President Niinistö plans to take vaccine as soon as possible
Marjo #Marjo
President Sauli Niinistö responded to listeners’ questions on an Yle Radio 1 call-in programme on Saturday. Image: Vesa Moilanen / Lehtikuva
Finnish President Sauli Niinistö said on Saturday that he plans to take the coronavirus vaccination as soon as it is his turn.
The 72-year-old Niinistö was responding to a listener’s question on an Yle Radio 1 call-in programme on the eve of Finnish Independence Day.
When programme host Marjo Näkki suggested that the president would likely be among the first to get the coronavirus vaccine, Niinistö replied that he did not know.
“No lottery number yet”
“No-one has given me a lottery number yet,” he quipped.
Niinistö was also asked for his thoughts on some people’s suspicious attitude toward taking the coronavirus vaccine.

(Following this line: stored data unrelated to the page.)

lemma connected_forest_contract:
  assumes T: "connected_forest T" and e: "e \<in> edges T"
  shows "connected_forest (contract T e)"
proof -
  have wf: "wf_graph T" and forest: "forest T" and conn: "\<forall>a\<in>verts T. \<forall>b\<in>verts T. reach T a b"
    using T unfolding connected_forest_def by auto
  have "wf_graph (contract T e)"
    using wf_contract[OF wf e] forest_no_parallel[OF wf forest e] by blast
  moreover have "verts (contract T e) \<noteq> {}" using ends_kept_lost[OF wf e] by auto
  moreover have "reach (contract T e) a b" if "a \<in> verts (contract T e)" "b \<in> verts (contract T e)" for a b
  proof -
    have "contract_map T e a = a" "contract_map T e b = b" using that unfolding contract_map_def by auto
    then show ?thesis using reach_contract_mapI[OF wf e, of a b] conn that by auto
  qed
  ultimately show ?thesis using forest_contract[OF wf forest e] unfolding connected_forest_def by blast
qed

lemma elem_minor_contract:
  "wf_graph T \<Longrightarrow> forest T \<Longrightarrow> e \<in> edges T \<Longrightarrow> elem_minor (contract T e) T"
  unfolding elem_minor_def using forest_no_parallel by blast

section \<open>A lower bound for the spectator floor\<close>

definition component_dist_bound :: "nat \<Rightarrow> nat \<Rightarrow> nat \<Rightarrow> mgraph \<Rightarrow> bool" where
  "component_dist_bound N D v0 G \<longleftrightarrow> v0 \<in> verts G \<and>
     (\<forall>s t. reach G v0 s \<longrightarrow> reach G s t \<longrightarrow> walk_dist G s t + N \<le> card (component G v0) + D)"

lemma component_dist_bound_union:
  assumes fin: "finite (verts G)" and bound: "component_dist_bound N D v0 G"
    and x: "x \<in> verts G" and xy: "reach G x y"
  shows "walk_dist G x y + N \<le> card (component G x \<union> component G v0) + D"
proof (cases "reach G v0 x")
  case True
  then have "component G x = component G v0" by (simp add: component_eq)
  then show ?thesis using bound True xy unfolding component_dist_bound_def by simp
next
  case False
  have v0: "v0 \<in> verts G" using bound unfolding component_dist_bound_def by blast
  have "N \<le> card (component G v0) + D"
    using bound walk_dist_self[of G v0] unfolding component_dist_bound_def by fastforce
  moreover have "walk_dist G x y < card (component G x)"
    using walk_dist_less_card_component[OF fin x xy] .
  moreover have "card (component G x \<union> component G v0) = card (component G x) + card (component G v0)"
    using False reach_sym component_disjoint finite_component[OF fin] x v0
    by (metis card_Un_disjoint)
  ultimately show ?thesis by simp
qed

A day earlier, the leading newspaper Helsingin Sanomat published a survey indicating that only just over half of Finns were ready to take the coronavirus vaccine if it becomes possible in early 2021.
Niinistö said in his view the results reflect a general level of concern about the virus, and that everything about it – including treatment methods – arouses confusion in people.
“I’m quite convinced that once the vaccinations get underway and we see that they have a [life-]saving benefit, then certainly many will reconsider the issue,” said the president.
Earlier on Saturday, Taneli Puumalainen, chief physician at the Finnish Institute for Health and Welfare (THL), told Yle that the first batches of coronavirus vaccine will probably be delivered to Finland between Christmas and New Year’s following EU approval, and that injections can begin quickly after that.
The annual Independence Day gala at the Presidential Palace, usually the most-watched broadcast of the year, will be a mostly virtual event this year.